Subnetting means borrowing host bits to create several smaller networks out of one larger block. Every bit you borrow doubles the number of subnets and halves the hosts in each. Suppose you have been given 192.168.10.0/24 (256 addresses) and need four separate departments. Borrowing 2 bits turns the /24 into four /26 networks, because 2 borrowed bits give 2 to the 2nd = 4 subnets.

A /26 has 6 host bits, so each holds 64 addresses and 62 usable hosts. The four resulting subnets are 192.168.10.0/26 (hosts .1 to .62, broadcast .63), 192.168.10.64/26 (hosts .65 to .126, broadcast .127), 192.168.10.128/26 (hosts .129 to .190, broadcast .191), and 192.168.10.192/26 (hosts .193 to .254, broadcast .255). Each block starts on a multiple of 64, which is the block size you get from a /26. The block size for any subnet is simply 256 minus the value of the last non-255 octet in the mask, so for /26 (mask .192) the size is 256 - 192 = 64. To verify a plan like this without doing the binary arithmetic by hand, drop each prefix into the Subnet Calculator calculator and confirm the boundaries line up.

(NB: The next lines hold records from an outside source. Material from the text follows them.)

lemma red_sim_forward_exists:
  assumes "red L a a'" "simE L 0 a b"
  shows "csteps L a b \<or> (\<exists>b'. red L b b')"
  using assms(2)
proof (cases rule: simE.cases)
  case (simE_Op es es' p)
  then show ?thesis
    using assms(1) by (auto elim!: red.cases dest!: list_all2_simE_map_Const intro: red.intros)
next
  case (simE_App f f' x x')
  then show ?thesis using assms(1) red_App_sim_forward by blast
next
  case (simE_TApp f f' T T')
  then obtain e where "f = TLam e" using assms(1) by (auto elim: red.cases)
  then obtain e' where "f' = TLam e'" using simE_TApp by (auto elim: simE_value_cases)
  then show ?thesis using simE_TApp by (auto intro: red.intros)
next
  case (simE_Wait T T' p p' x x' l)
  then show ?thesis
    using assms(1) by (auto elim!: red.cases dest: simE_value intro: red.intros)
next
  case (simE_Act T T' p p' x x' v v' l)
  then show ?thesis
    using assms(1) by (auto elim!: red.cases dest!: simE_Const_left intro: red.intros)
qed (use assms(1) in \<open>auto elim: red.cases\<close>)

lemma list_all2_simE_map_Const_right:
  "list_all2 (simE L 0) es (map Const ks) \<Longrightarrow> list_all2 (csteps L) es (map Const ks)"
  by (induct ks arbitrary: es) (auto simp: list_all2_Cons2 dest: simE_Const_right)

lemma red_sim_backward_exists:
  assumes "red L b b'" "simE L 0 a b"
  shows "\<exists>a0. csteps L a a0 \<and> simE L 0 a0 b \<and> (\<exists>a'. red L a0 a')"
  using assms(2)
proof (cases rule: simE.cases)
  case (simE_csteps X Y)
  then show ?thesis using assms(1) by (intro exI[of _ b]) (auto intro: sim_refl)
next
  case (simE_Op es es' p)
  from assms(1) obtain ks where "es' = map Const ks" by (auto elim: red.cases simp: simE_Op)
  then have "csteps L a b"
    using simE_Op csteps_Op_args[of L es es' "[]" p "[]"] by (auto dest: list_all2_simE_map_Const_right)
  then show ?thesis using assms(1) by (intro exI[of _ b]) (auto intro: sim_refl)
next
  case (simE_App f f' x x')
  with assms(1) obtain f0 x0 r where "csteps L a (App f0 x0)" "simE L 0 f0 f'" "simE L 0 x0 x'"
    "red L (App f0 x0) r"
    by (auto elim: red_App_sim_backward)
  then show ?thesis using simE_App by (intro exI[of _ "App f0 x0"]) (auto intro: sim_congs)
next
  case (simE_TApp f f' T T')
  then obtain e' where "f' = TLam e'" using assms(1) by (auto elim: red.cases)
  then obtain f0 where f0: "csteps L f f0" "simE L 0 f0 f'" "is_value f0"
    using simE_TApp simE_value_right by fastforce
  then obtain e where "f0 = TLam e" using \<open>f' = TLam e'\<close> by (auto elim: simE_value_cases)
  then show ?thesis using f0 simE_TApp csteps_fill[OF f0(1), of "FTApp T"]
    by (intro exI[of _ "TApp f0 T"]) (auto intro: sim_congs red.intros)
next
  case (simE_Wait T T' p p' x x' l)
  then have "is_value x'" using assms(1) by (auto elim: red.cases)
  then obtain x0 where x0: "csteps L x x0" "simE L 0 x0 x'" "is_value x0"
    using simE_Wait simE_value_right by metis
  then show ?thesis using simE_Wait csteps_fill[OF x0(1), of "FWait T p l"]
    by (intro exI[of _ "Wait T p x0 l"]) (auto intro: sim_congs red.intros)
next
  case (simE_Act T T' p p' x x' v v' l)
  then obtain c where c: "x' = Const c" "c = ktrue L \<or> c = kfalse L"
    using assms(1) by (auto elim: red.cases)
  then have "csteps L x x'" using simE_Act simE_Const_right by metis
  then show ?thesis using simE_Act c csteps_fill[of L x x' "FAct T p v l"]
    by (intro exI[of _ "Act T p x' v l"]) (auto intro: sim_congs red.intros)
qed (use assms(1) in \<open>auto elim: red.cases\<close>)

lemma red_sim_compat:
  assumes "red L a a'" "red L b b'" "simE L 0 a b" "lang_ok L"
  shows "simE L 0 a' b'"
  using assms(3)
proof (cases rule: simE.cases)
  case (simE_csteps X Y)
  then have "b = a \<or> csteps L a' b"
    using csteps_cstep_cases[OF cstep_red[OF assms(1)] _ assms(4)] by simp
  then show ?thesis
  proof
    assume "b = a"
    then show ?thesis using assms red_deterministic by (metis sim_refl(2))
  next
    assume "csteps L a' b"
    then have "csteps L a' b'" using cstep_red[OF assms(2)] by (rule rtranclp.rtrancl_into_rtrancl)
    then show ?thesis by (rule simE_csteps0)
  qed
next
  case (simE_Op es es' p)
  then have "b = a" using assms(1) by (auto elim!: red.cases dest!: list_all2_simE_map_Const)
  then show ?thesis using assms red_deterministic by (metis sim_refl(2))
next
  case (simE_App f f' x x')
  then show ?thesis using assms(1,2) red_App_sim_compat by blast
next
  case (simE_TApp f f' T T')
  then obtain e where "f = TLam e" using assms(1) by (auto elim: red.cases)
  then obtain e' where "f' = TLam e'" "simE L (Suc 0) e e'"
    using simE_TApp by (auto elim: simE_value_cases)
  then show ?thesis using assms(1,2) simE_TApp \<open>f = TLam e\<close> by (auto elim!: red.cases intro: simE_tsubst0)
next
  case (simE_Wait T T' p p' x x' l)
  then show ?thesis using assms(1,2) by (auto elim!: red.cases intro!: sim_congs simE_subst0)
next
  case (simE_Act T T' p p' x x' v v' l)
  then show ?thesis
    using assms(1,2) lang_ok_ktrue_neq_kfalse[OF assms(4)]
    by (auto elim!: red.cases dest!: simE_Const_left intro: sim_congs)
qed (use assms(1) in \<open>auto elim: red.cases\<close>)

lemma sim_forward_csteps:
  assumes "cstep L a a'" "csteps L a b" "lang_ok L"
  shows "\<exists>b'. csteps L b b' \<and> simE L 0 a' b'"
proof -
  have "b = a \<or> csteps L a' b" using csteps_cstep_cases assms by blast
  then show ?thesis
    using assms(1) by (auto intro: simE_csteps0 sim_refl)
qed

lemma sim_forward:
  assumes "cstep L a a'" "simE L 0 a b" "lang_ok L"
  shows "\<exists>b'. csteps L b b' \<and> simE L 0 a' b'"
  using assms(1,2)
proof (induct arbitrary: b rule: cstep.induct)
  case (cstep_red a a')
  from red_sim_forward_exists[OF this] show ?case
  proof
    assume "csteps L a b"
    then show ?thesis using sim_forward_csteps cstep.cstep_red[OF cstep_red(1)] assms(3) by blast
  next
    assume "\<exists>b'. red L b b'"
    then obtain b' where "red L b b'" ..
    then show ?thesis using red_sim_compat cstep_red assms(3) by (blast intro: cstep.cstep_red)
  qed
next
  case (cstep_fill F e e')
  from simE_fill_left[OF cstep_fill(4)] show ?case
  proof
    assume "csteps L (fill F e) b"
    then show ?thesis using sim_forward_csteps cstep.cstep_fill[OF cstep_fill(1,2)] assms(3) by blast
  next
    assume "\<exists>F' x. b = fill F' x \<and> sim_frame L F F' \<and> simE L 0 e x"
    then obtain F' x where b: "b = fill F' x" "sim_frame L F F'" "simE L 0 e x" by blast
    obtain x' where "csteps L x x'" "simE L 0 e' x'" using cstep_fill(3) b(3) by blast
    then show ?thesis
      using b csteps_fill sim_frame_ok[OF b(2) cstep_fill(1)] simE_fill by blast
  qed
next
  case (cstep_blame F l)
  from simE_fill_left[OF cstep_blame(2)] show ?case
  proof
    assume "csteps L (fill F (Blame l)) b"
    then show ?thesis using sim_forward_csteps cstep.cstep_blame[OF cstep_blame(1)] assms(3) by blast
  next
    assume "\<exists>F' x. b = fill F' x \<and> sim_frame L F F' \<and> simE L 0 (Blame l) x"
    then obtain F' where "b = fill F' (Blame l)" "frame_ok F'"
      using sim_frame_ok[OF _ cstep_blame(1)] by (auto dest: simE_Blame_left)
    then show ?thesis by (auto intro: cstep.cstep_blame sim_refl)
  qed
qed

lemma sim_backward_csteps: "csteps L a b \<Longrightarrow> cstep L b b' \<Longrightarrow> \<exists>a'. csteps L a a' \<and> simE L 0 a' b'"
  by (auto intro: rtranclp.rtrancl_into_rtrancl sim_refl)

lemma sim_backward:
  assumes "cstep L b b'" "simE L 0 a b" "lang_ok L"
  shows "\<exists>a'. csteps L a a' \<and> simE L 0 a' b'"
  using assms(1,2)
proof (induct arbitrary: a rule: cstep.induct)
  case (cstep_red b b')
  obtain a0 a' where "csteps L a a0" "simE L 0 a0 b" "red L a0 a'"
    using red_sim_backward_exists[OF cstep_red] by blast
  then show ?case
    using red_sim_compat cstep_red(1) assms(3) by (blast intro: rtranclp.rtrancl_into_rtrancl cstep.cstep_red)
next
  case (cstep_fill F' e e')
  from simE_fill_right[OF cstep_fill(4)] show ?case
  proof
    assume "csteps L a (fill F' e)"
    then show ?thesis using sim_backward_csteps cstep.cstep_fill[OF cstep_fill(1,2)] by blast
  next
    assume "\<exists>F x. a = fill F x \<and> sim_frame L F F' \<and> simE L 0 x e"
    then obtain F x where a: "a = fill F x" "sim_frame L F F'" "simE L 0 x e" by blast
    obtain F0 where F0: "csteps L (fill F x) (fill F0 x)" "frame_ok F0" "sim_frame L F0 F'"
      using sim_frame_eval[OF a(2) cstep_fill(1)] by blast
    obtain x' where x': "csteps L x x'" "simE L 0 x' e'" using cstep_fill(3) a(3) by blast
    have "csteps L a (fill F0 x')" using a(1) F0(1) csteps_fill[OF x'(1) F0(2)] by simp
    then show ?thesis using simE_fill[OF F0(3) x'(2)] by blast
  qed
next
  case (cstep_blame F' l)
  from simE_fill_right[OF cstep_blame(2)] show ?case
  proof
    assume "csteps L a (fill F' (Blame l))"
    then show ?thesis using sim_backward_csteps cstep.cstep_blame[OF cstep_blame(1)] by blast
  next
    assume "\<exists>F x. a = fill F x \<and> sim_frame L F F' \<and> simE L 0 x (Blame l)"
    then obtain F x where a: "a = fill F x" "sim_frame L F F'" "simE L 0 x (Blame l)" by blast
    obtain F0 where F0: "csteps L (fill F x) (fill F0 x)" "frame_ok F0"
      using sim_frame_eval[OF a(2) cstep_blame(1)] by blast
    have "csteps L a (fill F0 (Blame l))"
      using a(1) F0(1) csteps_fill[OF simE_Blame_right[OF a(3)] F0(2)] by simp
    then show ?thesis using sim_backward_csteps cstep.cstep_blame[OF F0(2)] by blast
  qed
qed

IPv6 uses the same CIDR idea but on a much larger scale. An IPv6 address is 128 bits instead of 32, and prefixes are written exactly the same way, such as 2001:db8::/32 or a /64 for a single LAN. The convention is that /64 is the standard size for an individual network segment, leaving a full 64 bits for hosts, which is an effectively unlimited amount of address space per subnet. Internet providers typically delegate something like a /48 or /56 to a customer, who then splits it into many /64 segments.

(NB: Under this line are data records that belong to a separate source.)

(* Let $F:\mathbb{R}^d\to\mathbb{R}$ be quadratic with symmetric positive definite Hessian $H_F$, minimizer $w_*$ and $R_F^2=\mathrm{Tr}(H_F)$. Let $(\xi_k)_{k\ge1}$ be i.i.d. zero-centered random fields with $\xi_k^{\mathrm{add}}=\xi_k(0)$, $\mathbb{E}\|\xi_1^{\mathrm{add}}\|^2\le\mathcal{A}<\infty$ and $\mathfrak{C}_{\mathrm{ania}}=\mathbb{E}[\xi_1^{\mathrm{add}}\xi_1^{\mathrm{add}\top}]$. Let $\gamma>0$ with $\gamma R_F^2\le1$, $\eta_0\in\mathbb{R}^d$, and define $\eta_0^0=\eta_0$, $\eta_k^0=(\mathrm{I}_d-\gamma H_F)\eta_{k-1}^0+\gamma\xi_k^{\mathrm{add}}$ for $k\ge1$, and $\overline{\eta}_{K-1}^0=\frac1K\sum_{k=0}^{K-1}\eta_k^0$. Then for every $K\ge1$, $$\big(\mathbb{E}\|H_F^{1/2}\overline{\eta}_{K-1}^0\|^2\big)^{1/2}\le\frac1{\sqrt K}\Big(\frac{\|H_F^{-1/2}\eta_0\|}{\gamma\sqrt K}\wedge\frac{\|\eta_0\|}{\sqrt\gamma}+\sqrt{\mathrm{Tr}(\mathfrak{C}_{\mathrm{ania}}H_F^{-1})}\Big).$$
   Context: Zero-centered means $\mathbb{E}\xi_k(z)=0$ for every $z$; $a\wedge b=\min(a,b)$. *)

theory Defs
  imports "HOL-Analysis.Analysis" "HOL-Probability.Probability"
begin

definition sym_pos_def :: "real^'n^'n \<Rightarrow> bool" where
  "sym_pos_def A \<longleftrightarrow> transpose A = A \<and> (\<forall>x. x \<noteq> 0 \<longrightarrow> x \<bullet> (A *v x) > 0)"

definition sym_psd :: "real^'n^'n \<Rightarrow> bool" where
  "sym_psd A \<longleftrightarrow> transpose A = A \<and> (\<forall>x. x \<bullet> (A *v x) \<ge> 0)"

definition msqrt :: "real^'n^'n \<Rightarrow> real^'n^'n" where
  "msqrt A = (THE S. sym_psd S \<and> S ** S = A)"

fun eta0_seq :: "real \<Rightarrow> real^'n^'n \<Rightarrow> (nat \<Rightarrow> 'a \<Rightarrow> real^'n) \<Rightarrow> real^'n \<Rightarrow> nat \<Rightarrow> 'a \<Rightarrow> real^'n" where
  "eta0_seq \<gamma> H xa e0 0 \<omega> = e0"
| "eta0_seq \<gamma> H xa e0 (Suc k) \<omega> =
     (mat 1 - \<gamma> *\<^sub>R H) *v eta0_seq \<gamma> H xa e0 k \<omega> + \<gamma> *\<^sub>R xa (Suc k) \<omega>"

definition eta0_bar :: "real \<Rightarrow> real^'n^'n \<Rightarrow> (nat \<Rightarrow> 'a \<Rightarrow> real^'n) \<Rightarrow> real^'n \<Rightarrow> nat \<Rightarrow> 'a \<Rightarrow> real^'n" where
  "eta0_bar \<gamma> H xa e0 K \<omega> = (1 / real K) *\<^sub>R (\<Sum>k<K. eta0_seq \<gamma> H xa e0 k \<omega>)"

end

theory Submission
  imports Defs
begin

text \<open>
  Diagonalise H = P' diag(l) P with P orthogonal. In the coordinates (P y)_i the recursion
  decouples into scalar recursions with contraction factor 1 - \<gamma> l_i \<in> [0, 1), because
  \<gamma> l_i \<le> \<gamma> tr H \<le> 1. Hence the i-th coordinate of H^(1/2) times the averaged iterate is a
  combination of (P \<eta>0)_i and of the independent centred noises (P \<xi>_j(0))_i, 1 \<le> j < K, with
  geometric sums as weights; its second moment is the squared bias term plus the sum of the
  squared noise weights times (P C P')_ii, where C is the second moment of \<xi>_1(0). Bounding each
  geometric sum by min(K, 1/(\<gamma> l_i)) bounds the bias part both by |H^(-1/2) \<eta>0|^2/(\<gamma> K)^2 and
  by |\<eta>0|^2/(\<gamma> K), and the noise part by tr(C H^(-1))/K; finally sqrt(a + b) \<le> sqrt a + sqrt b.
\<close>

section \<open>Spectral theorem for real symmetric matrices\<close>

lemma linear_coeff_zero_if_quadratic_nonpos:
  fixes a b :: real
  assumes "\<And>t. 2 * t * a + t\<^sup>2 * b \<le> 0"
  shows "a = 0"
proof -
  define c where "c = \<bar>b\<bar> + 1"
  have c: "c > 0" "2 * c + b > 0" by (auto simp: c_def)
  have "a\<^sup>2 * (2 * c + b) = c\<^sup>2 * (2 * (a / c) * a + (a / c)\<^sup>2 * b)"
    using c by (simp add: field_simps power2_eq_square)
  also have "\<dots> \<le> 0" using assms[of "a / c"] by (simp add: mult_nonneg_nonpos)
  finally show ?thesis using c by (simp add: mult_le_0_iff)
qed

Because IPv6 addresses are long, they are written in hexadecimal and compressed by collapsing runs of zeros with a double colon. If you are working with verbose IPv6 addresses, the IPv6 Compress tool shrinks them to their canonical short form (and expands them back) so the prefix boundaries are easier to read. The core concept, though, is identical to IPv4: the number after the slash tells you how many leading bits identify the network.

Is /24 the same as 255.255.255.0? Yes. The /24 simply counts the twenty-four network bits, and 255.255.255.0 writes those same bits out as a dotted-decimal mask. They are two notations for one boundary.

Why does a /24 have 254 usable hosts and not 256? Of the 256 total addresses, the first is reserved as the network address and the last as the broadcast address, leaving 254 that you can assign to devices.

How do I know how many subnets I get when I borrow bits? Each borrowed host bit doubles the subnet count: borrow 1 bit for 2 subnets, 2 bits for 4, 3 bits for 8, and so on. The hosts per subnet halve at the same rate.

What is the fastest way to check my math? Enter the address and prefix into the Subnet Calculator calculator to see the network, broadcast, usable range, and host count, and use IP to Dec / Bin / Hex if you want to inspect the underlying binary.